Content starts
lemma minv_inverse:
  assumes inv: "invertible_mat A" and A: "A \<in> carrier_mat n n"
  shows "minv A \<in> carrier_mat n n" "A * minv A = 1\<^sub>m n" "minv A * A = 1\<^sub>m n"
proof -
  have "inverts_mat A (minv A) \<and> inverts_mat (minv A) A"
    using inv someI_ex[of "\<lambda>B. inverts_mat A B \<and> inverts_mat B A"]
    unfolding invertible_mat_def minv_def by blast
  then have AB: "A * minv A = 1\<^sub>m n" and BA: "minv A * A = 1\<^sub>m (dim_row (minv A))"
    using A unfolding inverts_mat_def by auto
  have "dim_col (minv A) = n" using arg_cong[OF AB, of dim_col] by simp
  moreover have "dim_row (minv A) = n" using arg_cong[OF BA, of dim_col] A by simp
  ultimately show "minv A \<in> carrier_mat n n" "A * minv A = 1\<^sub>m n" "minv A * A = 1\<^sub>m n"
    using AB BA by auto
qed

text \<open>A kernel vector x of I - P K yields the kernel vector (x, K x) of the loop matrix.\<close>
lemma invertible_return_difference:
  fixes P K M :: "'a::field mat"
  assumes P: "P \<in> carrier_mat m n" and K: "K \<in> carrier_mat n m"
    and M: "M \<in> carrier_mat (m + n) (m + n)"
    and left_inverse: "M * four_block_mat (1\<^sub>m m) (- P) (- K) (1\<^sub>m n) = 1\<^sub>m (m + n)"
  shows "invertible_mat (1\<^sub>m m - P * K)"
proof (rule invertible_mat_if_trivial_kernel)
  show "1\<^sub>m m - P * K \<in> carrier_mat m m" using P K by auto
  fix x :: "'a vec"
  assume x: "x \<in> carrier_vec m" and kernel: "(1\<^sub>m m - P * K) *\<^sub>v x = 0\<^sub>v m"
  let ?F = "four_block_mat (1\<^sub>m m) (- P) (- K) (1\<^sub>m n)"
  have Kx: "K *\<^sub>v x \<in> carrier_vec n" using K x by simp
  have "x + - (P *\<^sub>v (K *\<^sub>v x)) = 0\<^sub>v m"
    using kernel P K x
    by (simp add: minus_mult_distrib_mat_vec[of "1\<^sub>m m" m m] minus_add_uminus_vec[of _ m])
  then have "?F *\<^sub>v (x @\<^sub>v K *\<^sub>v x) = 0\<^sub>v m @\<^sub>v 0\<^sub>v n"
    using P K x Kx by (subst four_block_mat_mult_vec[of _ m m _ n _ n]) auto
  then have "?F *\<^sub>v (x @\<^sub>v K *\<^sub>v x) = 0\<^sub>v (m + n)" by auto
  then have "(M * ?F) *\<^sub>v (x @\<^sub>v K *\<^sub>v x) = 0\<^sub>v (m + n)"
    using M P K x Kx by (subst assoc_mult_mat_vec[of _ "m + n" "m + n"]) auto
  then have "x @\<^sub>v K *\<^sub>v x = 0\<^sub>v m @\<^sub>v 0\<^sub>v n"
    using left_inverse x Kx by auto
  then show "x = 0\<^sub>v m" using x Kx by simp
qed

lemma controller_loop_solution:
  fixes Q Gyu Ai :: "'a::comm_ring_1 mat"
  assumes Q: "Q \<in> carrier_mat nu ny" and Gyu: "Gyu \<in> carrier_mat ny nu"
    and Ai: "Ai \<in> carrier_mat nu nu" and inv: "(1\<^sub>m nu + Q * Gyu) * Ai = 1\<^sub>m nu"
    and r: "r \<in> carrier_vec ny" and u: "u \<in> carrier_vec nu"
    and loop: "u = (Ai * Q) *\<^sub>v (r + Gyu *\<^sub>v u)"
  shows "u = Q *\<^sub>v r"
proof -
  let ?A = "1\<^sub>m nu + Q * Gyu" and ?x = "r + Gyu *\<^sub>v u"
  have A: "?A \<in> carrier_mat nu nu" using Q Gyu by simp
  have x: "?x \<in> carrier_vec ny" using Gyu r u by simp
  have "?A *\<^sub>v u = ?A *\<^sub>v ((Ai * Q) *\<^sub>v ?x)" using loop by (rule arg_cong)
  also have "\<dots> = (?A * (Ai * Q)) *\<^sub>v ?x"
    using A Q Ai x by (simp add: assoc_mult_mat_vec[of _ nu nu _ ny])
  also have "\<dots> = Q *\<^sub>v ?x"
    using Q x by (subst assoc_mult_mat[symmetric, OF A Ai Q]) (simp add: inv)
  finally have "?A *\<^sub>v u = Q *\<^sub>v ?x" .
  then have "u + Q *\<^sub>v (Gyu *\<^sub>v u) = Q *\<^sub>v r + Q *\<^sub>v (Gyu *\<^sub>v u)"
    using Q Gyu r u
    by (simp add: add_mult_distrib_mat_vec[of "1\<^sub>m nu" nu nu] mult_add_distrib_mat_vec[of Q nu ny])
  then show ?thesis using Q Gyu r u by (simp add: add_right_cancel_vec)
qed

lemma environment_loop_solution:
  fixes Gwv Gbar Bi :: "'a::comm_ring_1 mat"
  assumes Gwv: "Gwv \<in> carrier_mat nw nv" and Gbar: "Gbar \<in> carrier_mat nv nw"
    and Bi: "Bi \<in> carrier_mat nw nw" and inv: "Bi * (1\<^sub>m nw - Gwv * Gbar) = 1\<^sub>m nw"
    and e: "e \<in> carrier_vec nw" and w: "w \<in> carrier_vec nw"
    and loop: "w = Gwv *\<^sub>v (Gbar *\<^sub>v w) + e"
  shows "w = Bi *\<^sub>v e"
proof -
  define g where "g = Gwv *\<^sub>v (Gbar *\<^sub>v w)"
  have g: "g \<in> carrier_vec nw" using Gwv Gbar w by (simp add: g_def)
  have "(1\<^sub>m nw - Gwv * Gbar) *\<^sub>v w = w - g"
    using Gwv Gbar w by (simp add: g_def minus_mult_distrib_mat_vec[of "1\<^sub>m nw" nw nw])
  also have "\<dots> = e"
    using g e unfolding loop[folded g_def] by (auto simp: vec_eq_iff)
  finally have "(Bi * (1\<^sub>m nw - Gwv * Gbar)) *\<^sub>v w = Bi *\<^sub>v e"
    using Gwv Gbar Bi w by (subst assoc_mult_mat_vec[of _ nw nw]) auto
  then show ?thesis using inv w by simp
qed

lemma retrofit_loop_reduction:
  fixes Gwv Gwd Gwu Gzv Gzd Gzu Gyv Gyd Gyu Q Gbar Ai :: "rfun mat"
  assumes dims:
      "Gwv \<in> carrier_mat nw nv" "Gwd \<in> carrier_mat nw nd" "Gwu \<in> carrier_mat nw nu"
      "Gzv \<in> carrier_mat nz nv" "Gzd \<in> carrier_mat nz nd" "Gzu \<in> carrier_mat nz nu"
      "Gyv \<in> carrier_mat ny nv" "Gyd \<in> carrier_mat ny nd" "Gyu \<in> carrier_mat ny nu"
      "Q \<in> carrier_mat nu ny"
    and Ai: "Ai \<in> carrier_mat nu nu" "(1\<^sub>m nu + Q * Gyu) * Ai = 1\<^sub>m nu"
    and retrofit: "Gwu * Q * Gyv = 0\<^sub>m nw nv"
    and signals: "d \<in> carrier_vec nd" "v \<in> carrier_vec nv" "u \<in> carrier_vec nu"
    and loop: "loop_eqs Gwv Gwd Gwu Gzv Gzd Gzu Gyv Gyd Gyu (Ai * Q) Gbar d w z y v u"
  shows "w = Gwv *\<^sub>v v + (Gwd + Gwu * Q * Gyd) *\<^sub>v d"
    and "z = (Gzv + Gzu * Q * Gyv) *\<^sub>v v + (Gzd + Gzu * Q * Gyd) *\<^sub>v d"
proof -
  have w_eq: "w = Gwv *\<^sub>v v + Gwd *\<^sub>v d + Gwu *\<^sub>v u"
    and z_eq: "z = Gzv *\<^sub>v v + Gzd *\<^sub>v d + Gzu *\<^sub>v u"
    and u_eq: "u = (Ai * Q) *\<^sub>v (Gyv *\<^sub>v v + Gyd *\<^sub>v d + Gyu *\<^sub>v u)"
    using loop unfolding loop_eqs_def by blast+
  have "u = Q *\<^sub>v (Gyv *\<^sub>v v + Gyd *\<^sub>v d)"
    by (rule controller_loop_solution[OF dims(10,9) Ai _ signals(3) u_eq]) (use dims signals in simp)
  then have through_u: "G *\<^sub>v u = (G * Q * Gyv) *\<^sub>v v + (G * Q * Gyd) *\<^sub>v d"
    if "G \<in> carrier_mat n nu" for G n
    using that dims signals
    by (simp add: mult_add_distrib_mat_vec[of Q nu ny] mult_add_distrib_mat_vec[of G n nu]
        assoc_mult_mat_vec[of G n nu "Q * Gyv" nv]
        assoc_mult_mat_vec[of G n nu "Q * Gyd" nd])
  define Xw Xz Yz where "Xw = Gwu * Q * Gyd" and "Xz = Gzu * Q * Gyd" and "Yz = Gzu * Q * Gyv"
  have X: "Xw \<in> carrier_mat nw nd" "Xz \<in> carrier_mat nz nd" "Yz \<in> carrier_mat nz nv"
    unfolding Xw_def Xz_def Yz_def using dims by auto
  have "(0\<^sub>m nw nv :: rfun mat) *\<^sub>v v = 0\<^sub>v nw" by (rule eq_vecI) (use signals in auto)
  then have Gwu_u: "Gwu *\<^sub>v u = Xw *\<^sub>v d"
    using through_u[OF dims(3), folded Xw_def] retrofit X(1) signals by simp
  show "w = Gwv *\<^sub>v v + (Gwd + Gwu * Q * Gyd) *\<^sub>v d"
    unfolding w_eq Gwu_u Xw_def[symmetric] using dims X signals
    by (simp add: add_mult_distrib_mat_vec[of _ nw nd] assoc_add_vec[of _ nw])
  show "z = (Gzv + Gzu * Q * Gyv) *\<^sub>v v + (Gzd + Gzu * Q * Gyd) *\<^sub>v d"
    unfolding z_eq through_u[OF dims(6), folded Xz_def Yz_def] Xz_def[symmetric] Yz_def[symmetric]
    using dims X signals
    by (simp add: add_mult_distrib_mat_vec[of _ nz nd] add_mult_distrib_mat_vec[of _ nz nv]
        add_add_add_commute_vec[of _ nz] del: assoc_add_vec)
qed

lemma retrofit_closed_loop_zd:
  fixes Gwv Gwd Gwu Gzv Gzd Gzu Gyv Gyd Gyu Q Gbar Ai Bi :: "rfun mat"
  assumes dims:
      "Gwv \<in> carrier_mat nw nv" "Gwd \<in> carrier_mat nw nd" "Gwu \<in> carrier_mat nw nu"
      "Gzv \<in> carrier_mat nz nv" "Gzd \<in> carrier_mat nz nd" "Gzu \<in> carrier_mat nz nu"
      "Gyv \<in> carrier_mat ny nv" "Gyd \<in> carrier_mat ny nd" "Gyu \<in> carrier_mat ny nu"
      "Q \<in> carrier_mat nu ny" "Gbar \<in> carrier_mat nv nw"
    and Ai: "Ai \<in> carrier_mat nu nu" "(1\<^sub>m nu + Q * Gyu) * Ai = 1\<^sub>m nu"
    and Bi: "Bi \<in> carrier_mat nw nw" "Bi * (1\<^sub>m nw - Gwv * Gbar) = 1\<^sub>m nw"
    and retrofit: "Gwu * Q * Gyv = 0\<^sub>m nw nv"
  shows "closed_loop_zd nw nz ny nv nd nu Gwv Gwd Gwu Gzv Gzd Gzu Gyv Gyd Gyu (Ai * Q) Gbar
           ((Gzd + Gzu * Q * Gyd) + (Gzv + Gzu * Q * Gyv) * (Gbar * Bi) * (Gwd + Gwu * Q * Gyd))"
proof -
  define Mzd where "Mzd = Gzd + Gzu * Q * Gyd"
  define Mzv where "Mzv = Gzv + Gzu * Q * Gyv"
  define Mwd where "Mwd = Gwd + Gwu * Q * Gyd"
  have M: "Mzd \<in> carrier_mat nz nd" "Mzv \<in> carrier_mat nz nv" "Mwd \<in> carrier_mat nw nd"
    unfolding Mzd_def Mzv_def Mwd_def using dims by auto
  show ?thesis
    unfolding closed_loop_zd_def Mzd_def[symmetric] Mzv_def[symmetric] Mwd_def[symmetric]
  proof (intro conjI ballI allI impI)
    show "Mzd + Mzv * (Gbar * Bi) * Mwd \<in> carrier_mat nz nd" using M dims Bi by auto
    fix d w z y v u
    assume d: "d \<in> carrier_vec nd" and w: "w \<in> carrier_vec nw" and "z \<in> carrier_vec nz"
      and "y \<in> carrier_vec ny" and v: "v \<in> carrier_vec nv" and u: "u \<in> carrier_vec nu"
      and loop: "loop_eqs Gwv Gwd Gwu Gzv Gzd Gzu Gyv Gyd Gyu (Ai * Q) Gbar d w z y v u"
    note reduced = retrofit_loop_reduction[OF dims(1-10) Ai retrofit d v u loop,
        folded Mzd_def Mzv_def Mwd_def]
    have v_w: "v = Gbar *\<^sub>v w" using loop unfolding loop_eqs_def by blast
    have "w = Gwv *\<^sub>v (Gbar *\<^sub>v w) + Mwd *\<^sub>v d"
      unfolding v_w[symmetric] by (rule reduced(1))
    moreover have "Mwd *\<^sub>v d \<in> carrier_vec nw" using M d by simp
    ultimately have "w = Bi *\<^sub>v (Mwd *\<^sub>v d)"
      using environment_loop_solution[OF dims(1,11) Bi] w by blast
    then have v_eq: "v = (Gbar * Bi) *\<^sub>v (Mwd *\<^sub>v d)" using v_w dims Bi M d by simp
    have Qbar: "Gbar * Bi \<in> carrier_mat nv nw" and MQbar: "Mzv * (Gbar * Bi) \<in> carrier_mat nz nw"
      using dims Bi M by auto
    have "z = Mzd *\<^sub>v d + Mzv *\<^sub>v v"
      unfolding reduced(2) by (rule comm_add_vec[of _ nz]) (use M d v in auto)
    also have "Mzv *\<^sub>v v = (Mzv * (Gbar * Bi) * Mwd) *\<^sub>v d"
      using MQbar Qbar M d unfolding v_eq by (metis assoc_mult_mat_vec mult_mat_vec_carrier)
    also have "Mzd *\<^sub>v d + (Mzv * (Gbar * Bi) * Mwd) *\<^sub>v d = (Mzd + Mzv * (Gbar * Bi) * Mwd) *\<^sub>v d"
      using MQbar M d by (intro add_mult_distrib_mat_vec[symmetric, of _ nz nd]) auto
    finally show "z = (Mzd + Mzv * (Gbar * Bi) * Mwd) *\<^sub>v d" .
  qed
qed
Content ends
• _About this task_
If a line in the records holds the string "define", copy it.

• _Output_
  define g where "g = Gwv *\<^sub>v (Gbar *\<^sub>v w)"
  define Xw Xz Yz where "Xw = Gwu * Q * Gyd" and "Xz = Gzu * Q * Gyd" and "Yz = Gzu * Q * Gyv"
  define Mzd where "Mzd = Gzd + Gzu * Q * Gyd"
  define Mzv where "Mzv = Gzv + Gzu * Q * Gyv"
  define Mwd where "Mwd = Gwd + Gwu * Q * Gyd"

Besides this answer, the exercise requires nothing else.